== Work request ==
The answer must restate every entry exactly as it appears.

== Recorded data ==

lemma permitted_edges_tree: "permitted_edges n E = pair_edge ` head_pairs"
proof -
  have "pair_edge (i, w) \<notin> E" if "(i, w) \<in> head_pairs" for i w
  proof -
    note on_stack = head_pairs_on_stack[OF that]
    then have "hd (S i) \<in> set (S i)"
      using stack_nonempty by auto
    with on_stack show ?thesis
      using stack_independent[of i "hd (S i)" w] by (auto simp: pair_edge_def)
  qed
  then show ?thesis
    using permitted_edges_eq by auto
qed

lemma card_permitted_edges: "int (card (permitted_edges n E)) = tree_area n E"
proof -
  have "card (permitted_edges n E) = (\<Sum>i<n. length (S i) - 1)"
    using permitted_edges_tree pair_edge_inj card_head_pairs by (simp add: card_image)
  then show ?thesis using area_eq by simp
qed

end

theorem lemma1:
  fixes n :: nat and T :: "nat set set"
  assumes "is_tree_on n T"
  shows "int (card (permitted_edges n T)) = tree_area n T"
proof -
  interpret odfs_tree n T
    using assms unfolding is_tree_on_def by unfold_locales auto
  show ?thesis by (rule card_permitted_edges)
qed

end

== Expected answer ==
lemma permitted_edges_tree: "permitted_edges n E = pair_edge ` head_pairs"
proof -
  have "pair_edge (i, w) \<notin> E" if "(i, w) \<in> head_pairs" for i w
  proof -
    note on_stack = head_pairs_on_stack[OF that]
    then have "hd (S i) \<in> set (S i)"
      using stack_nonempty by auto
    with on_stack show ?thesis
      using stack_independent[of i "hd (S i)" w] by (auto simp: pair_edge_def)
  qed
  then show ?thesis
    using permitted_edges_eq by auto
qed

lemma card_permitted_edges: "int (card (permitted_edges n E)) = tree_area n E"
proof -
  have "card (permitted_edges n E) = (\<Sum>i<n. length (S i) - 1)"
    using permitted_edges_tree pair_edge_inj card_head_pairs by (simp add: card_image)
  then show ?thesis using area_eq by simp
qed

end

theorem lemma1:
  fixes n :: nat and T :: "nat set set"
  assumes "is_tree_on n T"
  shows "int (card (permitted_edges n T)) = tree_area n T"
proof -
  interpret odfs_tree n T
    using assms unfolding is_tree_on_def by unfold_locales auto
  show ?thesis by (rule card_permitted_edges)
qed

end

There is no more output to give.